Neurophysiology Unit, IRCCS San Raffaele Scientific Institute, Via Olgettina, 60, 20132, Milan, Italy.

Neurophysiology Unit, IRCCS San Raffaele Scientific Institute, Via Olgettina, 60, 20132, Milan, Italy.

出版信息

Neurophysiol Clin. 2022 Jun;52(3):232-241. doi: 10.1016/j.neucli.2021.12.006. Epub 2022 Jan 5.

Abstract

OBJECTIVES

Despite the introduction of several adjuncts to improve spinal perfusion, spinal cord ischemia (SCI) remains a devastating complication of thoracoabdominal aortic aneurysm (TAAA) repair. Our aim was to assess the effects on clinical outcome of interventions triggered by motor evoked potentials (MEP) alerts. Furthermore, we want to assess whether a multimodal intraoperative neurophysiologic monitoring (IONM) protocol is helpful for stratifying patients according to the risk of SCI at the end of the vascular phase of surgery.

METHODS

We prospectively studied one-hundred consecutive patients who underwent TAAA repair. We applied a multimodal IONM including MEP, somatosensory evoked potentials (SEP) and peripheral nerve monitoring techniques. Signal deteriorations were classified as reversible/irreversible according to whether they recovered or not at the end of monitoring (EOM), set at the end of the vascular phase of surgery. Significant MEP changes drove a series of corrective measures aimed to improve spinal perfusion.

RESULTS

The rate of immediate postoperative motor deficits consistent with SCI was significantly higher with irreversible MEP deteriorations compared to reversible ones. The interpretation of MEP findings at the EOM led to the development of risk categories for SCI, based on the association between MEP results and motor outcome.

CONCLUSIONS

Our data seem to justify interventions made to reverse MEP deterioration in order to improve the clinical outcome.

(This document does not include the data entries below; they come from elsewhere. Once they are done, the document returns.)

lemma right_part_sum:
  "(\<Sum>k\<in>{0..length w}. smul ((-1) ^ k) (right_part k))
     = smul (s' ^ (length w - 1)) (zcons (contract c w) empty_word)"
proof -
  define n where "n = length w"
  have "(\<Sum>k\<in>{0..n}. smul ((-1) ^ k) (right_part k)) = (\<Sum>q\<in>{0..<n}. \<Sum>k\<in>{0..q}.
      smul ((-1) ^ k) (smul (s' ^ (n - 1 - q)) (zcons (contract c (drop q w))
        (harm c (Sop c s (take k w)) (Sop c s' (rev (drop k (take q w))))))))"
    unfolding right_part_def smul_sum n_def by (rule sum_swap_upper)
  also have "\<dots> = (\<Sum>q\<in>{0..<n}. smul (s' ^ (n - 1 - q))
      (zcons (contract c (drop q w)) (alt_sum c s s' (take q w))))"
  proof (intro sum.cong refl)
    fix q assume "q \<in> {0..<n}"
    hence "(\<Sum>k\<in>{0..q}. smul ((-1) ^ k)
        (harm c (Sop c s (take k w)) (Sop c s' (rev (drop k (take q w))))))
        = alt_sum c s s' (take q w)"
      using alt_sum_segment[of 0 q w c s s'] by (simp add: n_def)
    thus "(\<Sum>k\<in>{0..q}. smul ((-1) ^ k) (smul (s' ^ (n - 1 - q)) (zcons (contract c (drop q w))
        (harm c (Sop c s (take k w)) (Sop c s' (rev (drop k (take q w))))))))
        = smul (s' ^ (n - 1 - q)) (zcons (contract c (drop q w)) (alt_sum c s s' (take q w)))"
      by (simp only: smul_zcons_sum)
  qed
  also have "\<dots> = (\<Sum>q\<in>{0..<n}. if q = 0 then smul (s' ^ (n - 1))
      (zcons (contract c w) empty_word) else 0)"
    using IH nonempty by (intro sum.cong refl) (auto simp: n_def)
  finally show ?thesis
    using nonempty by (simp add: n_def)
qed
lemma is_rot_square_norm: "is_rot_square u v \<Longrightarrow> u*u + v*v = 1"
  unfolding is_rot_square_def
proof (elim exE conjE)
  fix x y :: 'a assume "x*x + y*y = 1" "u = x*x - y*y" "v = 2*x*y"
  moreover have "(x*x - y*y)*(x*x - y*y) + (2*x*y)*(2*x*y) = (x*x + y*y)*(x*x + y*y)" by algebra
  ultimately show ?thesis by simp
qed

text \<open>Squaring is not injective on the circle, since \<open>(1,0)\<close> and \<open>(-1,0)\<close> have the same square.\<close>
lemma exists_not_rot_square:
  assumes "(2::'a::{field,finite}) \<noteq> 0"
  shows "\<exists>c d::'a. c*c + d*d = 1 \<and> \<not> is_rot_square c d"
proof -
  define T where "T = {(x,y). x*x + y*y = (1::'a)}"
  define sq where "sq = (\<lambda>(x::'a, y::'a). (x*x - y*y, 2*x*y))"
  have "sq ` T \<subseteq> T"
    using is_rot_square_norm[OF is_rot_squareI] by (auto simp: T_def sq_def)
  moreover have "(1::'a) \<noteq> -1" using assms by (metis add.right_inverse one_add_one)
  then have "\<not> inj_on sq T"
    using inj_onD[of sq T "(1,0)" "(-1,0)"] by (auto simp: T_def sq_def)
  then have "card (sq ` T) < card T"
    using card_image_le[of T sq] inj_on_iff_eq_card[of T sq] by (simp add: less_le)
  ultimately have "\<not> T \<subseteq> sq ` T" using card_mono[of "sq ` T" T] by auto
  then obtain c d where "(c,d) \<in> T" "(c,d) \<notin> sq ` T" by auto
  then show ?thesis
    unfolding T_def sq_def is_rot_square_def by (auto simp: image_iff)
qed

definition rot_square_dicyclic :: "'a::field \<Rightarrow> 'a \<Rightarrow> 'a mat2 set" where
  "rot_square_dicyclic a b =
     {rot u v |u v. is_rot_square u v} \<union> {jrot a b u v |u v. is_rot_square u v}"

lemma rot_square_dicyclic_subgroup:
  assumes ab: "a*a + b*b = (-1::'a::field)"
  shows "subgroup (rot_square_dicyclic a b) SL2"
proof (rule SL2_subgroupI)
  show "rot_square_dicyclic a b \<subseteq> carrier SL2"
    using is_rot_square_norm by (auto simp: rot_square_dicyclic_def rot_in_SL2 jrot_in_SL2[OF ab])
  show "(1,0,0,1) \<in> rot_square_dicyclic a b"
    using is_rot_square_1 unfolding rot_square_dicyclic_def rot_def by force
next
  fix x y assume "x \<in> rot_square_dicyclic a b" "y \<in> rot_square_dicyclic a b"
  then obtain u v u' v' where sq: "is_rot_square u v" "is_rot_square u' v'"
    and xy: "x = rot u v \<or> x = jrot a b u v" "y = rot u' v' \<or> y = jrot a b u' v'"
    unfolding rot_square_dicyclic_def by blast
  have "is_rot_square (u*u' - v*v') (u*v' + v*u')"
    "is_rot_square (u*u' + v*v') (u*v' - v*u')"
    "is_rot_square (-(u*u' + v*v')) (-(u*v' - v*u'))"
    using is_rot_square_mult[OF sq] is_rot_square_mult[OF is_rot_square_conj[OF sq(1)] sq(2)]
      is_rot_square_uminus[OF is_rot_square_mult[OF is_rot_square_conj[OF sq(1)] sq(2)]]
    by simp_all
  with xy show "mat2_mult x y \<in> rot_square_dicyclic a b"
    unfolding rot_square_dicyclic_def
    by (elim disjE) (simp_all only: rot_mult rot_mult_jrot jrot_mult_rot jrot_mult_jrot[OF ab], blast+)
next
  fix p q r s assume "(p,q,r,s) \<in> rot_square_dicyclic a b"
  then obtain u v where sq: "is_rot_square u v"
    and "(p,q,r,s) = rot u v \<or> (p,q,r,s) = jrot a b u v"
    unfolding rot_square_dicyclic_def by blast
  then consider "(s,-q,-r,p) = rot u (-v)" | "(s,-q,-r,p) = jrot a b (-u) (-v)"
    by (auto simp: rot_def jrot_def)
  then show "(s,-q,-r,p) \<in> rot_square_dicyclic a b"
    using is_rot_square_conj[OF sq] is_rot_square_uminus[OF sq]
    unfolding rot_square_dicyclic_def by cases blast+
qed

A multimodal IONM protocol could improve MEP interpretation at the end of the vascular phase of surgery, supporting the surgeon in their decision-making, before concluding vascular maneuvers.

摘要

目的

尽管已引入多种辅助手段来改善脊髓灌注,但脊髓缺血(SCI)仍是胸腹主动脉瘤(TAAA)修复手术中一种极具破坏性的并发症。我们的目的是评估运动诱发电位(MEP)警报触发的干预措施对临床结局的影响。此外,我们想评估多模式术中神经生理监测(IONM)方案是否有助于在手术血管阶段结束时根据SCI风险对患者进行分层。

方法

我们前瞻性地研究了连续100例行TAAA修复手术的患者。我们应用了包括MEP、体感诱发电位(SEP)和周围神经监测技术在内的多模式IONM。根据信号在监测结束时(EOM,设定在手术血管阶段结束时)是否恢复,将信号恶化分为可逆/不可逆。显著的MEP变化促使采取一系列旨在改善脊髓灌注的纠正措施。

结果

与可逆性MEP恶化相比,不可逆性MEP恶化导致术后立即出现与SCI一致的运动功能缺损的发生率显著更高。根据EOM时MEP结果与运动结局之间的关联,对MEP结果的解读形成了SCI的风险类别。

结论

我们的数据似乎证明为逆转MEP恶化而采取的干预措施是合理的,以改善临床结局。多模式IONM方案可以在手术血管阶段结束时改善MEP解读,在结束血管操作之前支持外科医生进行决策。